··· Given records

lemma mem_dual_iff:
  assumes "0 < n" "semimodule (n + 1) n D"
  shows "phi \<in> dual (n + 1) n D \<longleftrightarrow> frobenius n - phi \<notin> D"
proof
  assume "phi \<in> dual (n + 1) n D"
  then have "phi + (frobenius n - phi) \<in> Gamma (n + 1) n" if "frobenius n - phi \<in> D"
    using that unfolding dual_def by blast
  with frobenius_notin_Gamma[OF assms(1)] show "frobenius n - phi \<notin> D"
    by auto
next
  assume gap: "frobenius n - phi \<notin> D"
  show "phi \<in> dual (n + 1) n D"
    unfolding dual_def
  proof (intro CollectI ballI)
    fix d
    assume "d \<in> D"
    show "phi + d \<in> Gamma (n + 1) n"
    proof (rule ccontr)
      assume "phi + d \<notin> Gamma (n + 1) n"
      then have "frobenius n - (phi + d) \<in> Gamma (n + 1) n"
        by (rule frobenius_diff_in_Gamma[OF assms(1)])
      with assms(2) \<open>d \<in> D\<close> have "d + (frobenius n - (phi + d)) \<in> D"
        by (rule semimodule_add_Gamma)
      with gap show False
        by simp
    qed
  qed
qed

lemma gap_le_frobenius:
  assumes "0 < n" "semimodule (n + 1) n D" "0 \<in> D" "x \<notin> D"
  shows "x \<le> frobenius n"
proof -
  have "x \<notin> Gamma (n + 1) n"
    using assms(2-4) by (force simp: semimodule_def)
  then show ?thesis
    using Gamma_nonneg[OF frobenius_diff_in_Gamma[OF assms(1)]] by simp
qed

lemma hat_eq_reflected_complement:
  assumes "0 < n" "semimodule (n + 1) n D" "M \<notin> D" "\<And>x. x \<notin> D \<Longrightarrow> x \<le> M"
  shows "hat (n + 1) n D = {y. M - y \<notin> D}"
proof -
  have dual_eq: "dual (n + 1) n D = {phi. frobenius n - phi \<notin> D}"
    using mem_dual_iff[OF assms(1,2)] by blast
  have least: "(LEAST phi. frobenius n - phi \<notin> D) = frobenius n - M"
  proof (rule Least_equality)
    show "frobenius n - (frobenius n - M) \<notin> D"
      using assms(3) by simp
    show "frobenius n - M \<le> phi" if "frobenius n - phi \<notin> D" for phi
      using assms(4)[OF that] by simp
  qed
  show ?thesis
    unfolding hat_def dual_eq mem_Collect_eq least
  proof (intro set_eqI iffI)
    fix y
    assume "y \<in> {y. M - y \<notin> D}"
    then show "y \<in> (\<lambda>x. x - (frobenius n - M)) ` {phi. frobenius n - phi \<notin> D}"
      by (intro image_eqI[of _ _ "y + (frobenius n - M)"]) auto
  qed auto
qed
lemma circularity_iff_pencil_det_const:
  assumes X: "X \<in> carrier_mat n n"
  shows "circularity X \<longleftrightarrow>
    (\<forall>\<theta> \<theta>' (r :: real). 1 \<le> r \<longrightarrow> pencil_det X \<theta> (of_real r) 0 = pencil_det X \<theta>' (of_real r) 0)"
proof
  assume "circularity X"
  then show
    "\<forall>\<theta> \<theta>' (r :: real). 1 \<le> r \<longrightarrow> pencil_det X \<theta> (of_real r) 0 = pencil_det X \<theta>' (of_real r) 0"
    unfolding circularity_iff_char_poly_const[OF X] pencil_det_0_eq_char_poly[OF X] by metis
next
  assume const:
    "\<forall>\<theta> \<theta>' (r :: real). 1 \<le> r \<longrightarrow> pencil_det X \<theta> (of_real r) 0 = pencil_det X \<theta>' (of_real r) 0"
  have "infinite (complex_of_real ` {1..})"
    using finite_imageD[of complex_of_real "{1..}"] infinite_Ici by (auto simp: inj_on_def)
  then have "char_poly (Hmat X \<theta>) = char_poly (Hmat X \<theta>')" for \<theta> \<theta>'
    using const by (intro poly_eqI_infinite) (auto simp: pencil_det_0_eq_char_poly[OF X])
  then show "circularity X"
    unfolding circularity_iff_char_poly_const[OF X] by blast
qed

lemma pencil_det_poly:
  assumes C: "C \<in> carrier_mat n n" and B: "B \<in> carrier_mat d n" "mat_adjoint B * B = defect C"
  obtains Q where "degree Q \<le> d" "\<And>t. poly Q t = pencil_det C \<theta> l t"
proof -
  have "l \<cdot>\<^sub>m 1\<^sub>m n - Hmat C \<theta> \<in> carrier_mat n n" using C by (simp add: minus_carrier_mat)
  from det_minus_smult_low_rank_poly[OF this mat_adjoint_carrier_mat[OF B(1)] B(1)]
  obtain Q where "degree Q \<le> d" "\<And>t. poly Q t = det (l \<cdot>\<^sub>m 1\<^sub>m n - Hmat C \<theta> - t \<cdot>\<^sub>m defect C)"
    unfolding B(2) by blast
  with that show ?thesis unfolding pencil_det_def using C by simp
qed

lemma circularity_tower_iff:
  assumes T: "is_tower C T" and C: "C \<in> carrier_mat n n"
  shows "circularity (T j) \<longleftrightarrow> (\<forall>\<theta> \<theta>' (r :: real). 1 \<le> r \<longrightarrow>
    pencil_det C \<theta> r ((tower_map r ^^ j) 0) = pencil_det C \<theta>' r ((tower_map r ^^ j) 0))"
proof -
  obtain N where TN: "T j \<in> carrier_mat N N" using is_tower_carrier_mat[OF T C] .
  have "pencil_det (T j) \<theta> r 0 = pencil_det (T j) \<theta>' r 0 \<longleftrightarrow>
      pencil_det C \<theta> r ((tower_map r ^^ j) 0) = pencil_det C \<theta>' r ((tower_map r ^^ j) 0)"
    if r: "1 \<le> r" for \<theta> \<theta>' r
  proof -
    obtain h where "h \<noteq> 0"
      "\<forall>\<theta>. pencil_det (T j) \<theta> r 0 = h * pencil_det C \<theta> r ((tower_map r ^^ j) 0)"
      using pencil_det_tower[OF T C r, of 0 j] by auto
    then show ?thesis by simp
  qed
  then show ?thesis unfolding circularity_iff_pencil_det_const[OF TN] by auto
qed

lemma circularity_tower_all_iff:
  assumes T: "is_tower C T" and C: "C \<in> carrier_mat n n" and d: "d = vec_space.rank n (defect C)"
    and J: "finite J" "card J = d + 1"
  shows "(\<forall>j. circularity (T j)) \<longleftrightarrow> (\<forall>j \<in> J. circularity (T j))"
proof
  assume circ_J: "\<forall>j \<in> J. circularity (T j)"
  obtain B where "is_B C B" using T unfolding is_tower_def by metis
  then have B: "B \<in> carrier_mat d n" "mat_adjoint B * B = defect C"
    using carrier_matD[OF C] d unfolding is_B_def Let_def by auto
  have "pencil_det C \<theta> r ((tower_map r ^^ j) 0) = pencil_det C \<theta>' r ((tower_map r ^^ j) 0)"
    if r: "1 \<le> r" for \<theta> \<theta>' j r
  proof -
    define orbit where "orbit k = complex_of_real ((tower_map r ^^ k) 0)" for k
    obtain Q where Q: "degree Q \<le> d" "\<And>t. poly Q t = pencil_det C \<theta> r t"
      using pencil_det_poly[OF C B] by metis
    obtain Q' where Q': "degree Q' \<le> d" "\<And>t. poly Q' t = pencil_det C \<theta>' r t"
      using pencil_det_poly[OF C B] by metis
    have "inj orbit"
      using strict_mono_eq[OF strict_mono_tower_map_orbit[OF r]] unfolding inj_def orbit_def by simp
    then have "card (orbit ` J) = d + 1"
      using J by (simp add: card_image inj_on_subset)
    moreover have "poly Q x = poly Q' x" if "x \<in> orbit ` J" for x
      using that circ_J r unfolding Q Q' orbit_def circularity_tower_iff[OF T C] by auto
    ultimately have "Q = Q'"
      using Q(1) Q'(1) by (intro poly_eqI_degree[of "orbit ` J"]) auto
    then show ?thesis using Q(2) Q'(2) by metis
  qed
  then show "\<forall>j. circularity (T j)"
    unfolding circularity_tower_iff[OF T C] by blast
qed simp

theorem mainTheorem5:
  fixes C :: "complex mat" and n d :: nat and T :: "nat \<Rightarrow> complex mat"
  assumes "C \<in> carrier_mat n n"
    and "contraction C"
    and "d = vec_space.rank n (1\<^sub>m n - mat_adjoint C * C)"
    and "is_tower C T"
  shows "((\<forall>j. circularity (T j)) \<longleftrightarrow> (\<forall>j\<in>{1..d+1}. circularity (T j)))
       \<and> ((\<forall>j. circularity (T j)) \<longleftrightarrow> (\<forall>j\<in>{0..d}. circularity (T j)))"
proof -
  have d: "d = vec_space.rank n (defect C)"
    using assms(1,3) unfolding defect_def by simp
  show ?thesis
    using circularity_tower_all_iff[OF assms(4,1) d, of "{1..d+1}"]
      circularity_tower_all_iff[OF assms(4,1) d, of "{0..d}"]
    by simp
qed

end
(* Let $\|\cdot\|_A$ and $\|\cdot\|_P$ be norms on $\mathbb{R}^n$ such that $\|\cdot\|_A$ is decomposable and $\|\cdot\|_P$ is $\gamma$-decomposable with respect to $\mathcal{G}$ for some $\gamma\in(0,1]$. Let $a,b,c,d$ be the constants defined below, let $f>0$ be a constant such that for every $h\in\mathbb{R}^n$, every $\Lambda_0\in\mathrm{GkS}$ and every optimal group $k$-sparse decomposition $\Lambda_1,\ldots,\Lambda_s$ of $h_{\mathcal{N}\setminus\Lambda_0}$ with respect to $\|\cdot\|_A$ one has $\sum_{j=2}^s\|h_{\Lambda_j}\|_2\le\frac1f\|h_{\mathcal{N}\setminus\Lambda_0}\|_A$, and put $r=b/(a\gamma)$. Let $A\in\mathbb{R}^{m\times n}$ satisfy the group restricted isometry property (GRIP) of order $2k$ with constant $\delta_{2k}\in(0,1)$, and assume the compressibility condition $$\delta_{2k}<\frac{f}{f+\sqrt2\,rd}.$$ Let $x\in\mathbb{R}^n$, $\eta\in\mathbb{R}^m$ with $\|\eta\|_2\le\epsilon$, $y=Ax+\eta$, and let $\hat x$ be a minimizer of $\|z\|_P$ over $z\in\mathbb{R}^n$ subject to $\|y-Az\|_2\le\epsilon$. Then, writing $\sigma=\sigma_{k,\mathcal{G}}(x,\|\cdot\|_A)$, $$\|\hat x-x\|_2\le D_1\sigma+D_2\epsilon,\qquad \|\hat x-x\|_A\le D_3\sigma+D_4\epsilon,$$ where, with $\Delta=1-(1+\sqrt2\,rd/f)\delta_{2k}$, $$D_1=\frac{r(1+\gamma)}{f}\cdot\frac{1+(\sqrt2-1)\delta_{2k}}{\Delta},\qquad D_2=2(1+rd/f)\frac{\sqrt{1+\delta_{2k}}}{\Delta},$$ $$D_3=r(1+\gamma)\cdot\frac{1+(\sqrt2\,d/f-1)\delta_{2k}}{\Delta},\qquad D_4=2d(1+r)\frac{\sqrt{1+\delta_{2k}}}{\Delta}.$$
   Context: Fix positive integers $n,k$, $\mathcal{N}=\{1,\ldots,n\}$, and a partition $\mathcal{G}=\{G_1,\ldots,G_g\}$ of $\mathcal{N}$ with $|G_i|\le k$. For $x\in\mathbb{R}^n$, $\Lambda\subseteq\mathcal{N}$: $(x_\Lambda)_i=x_i$ if $i\in\Lambda$, else $0$; $\mathrm{supp}(u)=\{i:u_i\ne0\}$; $G_S=\bigcup_{i\in S}G_i$ for $S\subseteq\{1,\ldots,g\}$. For an integer $t$, $\Lambda$ is group $t$-sparse if $\Lambda=G_S$ for some $S$ and $|\Lambda|\le t$; $\mathrm{GkS}$ is the collection of group $k$-sparse sets. A norm $\|\cdot\|$ is $\gamma$-decomposable w.r.t. $\mathcal{G}$ ($\gamma\in(0,1]$) if $\|u+v\|\ge\|u\|+\gamma\|v\|$ whenever $\mathrm{supp}(u)\subseteq G_{S_u}$, $\mathrm{supp}(v)\subseteq G_{S_v}$ with $S_u\cap S_v=\emptyset$; decomposable means $1$-decomposable (equivalently equality $\|u+v\|=\|u\|+\|v\|$ for such $u,v$). Group $k$-sparsity index: $\sigma_{k,\mathcal{G}}(x,\|\cdot\|)=\min_{\Lambda\in\mathrm{GkS}}\|x-x_\Lambda\|$. Constants (minima/maxima over $\Lambda\in\mathrm{GkS}$ and $x$ with $x_\Lambda\ne0$): $a=\min\|x_\Lambda\|_P/\|x_\Lambda\|_A$, $b=\max\|x_\Lambda\|_P/\|x_\Lambda\|_A$, $c=\min\|x_\Lambda\|_A/\|x_\Lambda\|_2$, $d=\max\|x_\Lambda\|_A/\|x_\Lambda\|_2$. $A$ satisfies GRIP of order $2k$ with constant $\delta_{2k}\in(0,1)$ if $(1-\delta_{2k})\|z\|_2^2\le\|Az\|_2^2\le(1+\delta_{2k})\|z\|_2^2$ for every $z$ whose support is contained in some group $2k$-sparse set. Optimal group $k$-sparse decomposition of $v=h_{\mathcal{N}\setminus\Lambda_0}$ ($\Lambda_0\in\mathrm{GkS}$) w.r.t. $\|\cdot\|_A$: pairwise disjoint group $k$-sparse sets $\Lambda_1,\ldots,\Lambda_s\subseteq\mathcal{N}\setminus\Lambda_0$ with union $\mathcal{N}\setminus\Lambda_0$, such that for each $i$, with $r_i=v-\sum_{j<i}v_{\Lambda_j}$, $\Lambda_i$ minimizes $\|r_i-(r_i)_\Lambda\|_A$ over group $k$-sparse $\Lambda\subseteq\mathcal{N}\setminus(\Lambda_0\cup\cdots\cup\Lambda_{i-1})$. *)

theory Defs
  imports "HOL-Analysis.Analysis" "HOL-Library.Disjoint_Sets"
begin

······

What belongs in the answer is each line of the data that has the word "thesis".

  then show ?thesis
  show ?thesis
  with that show ?thesis unfolding pencil_det_def using C by simp
    then show ?thesis by simp
  then show ?thesis unfolding circularity_iff_pencil_det_const[OF TN] by auto
    then show ?thesis using Q(2) Q'(2) by metis
  show ?thesis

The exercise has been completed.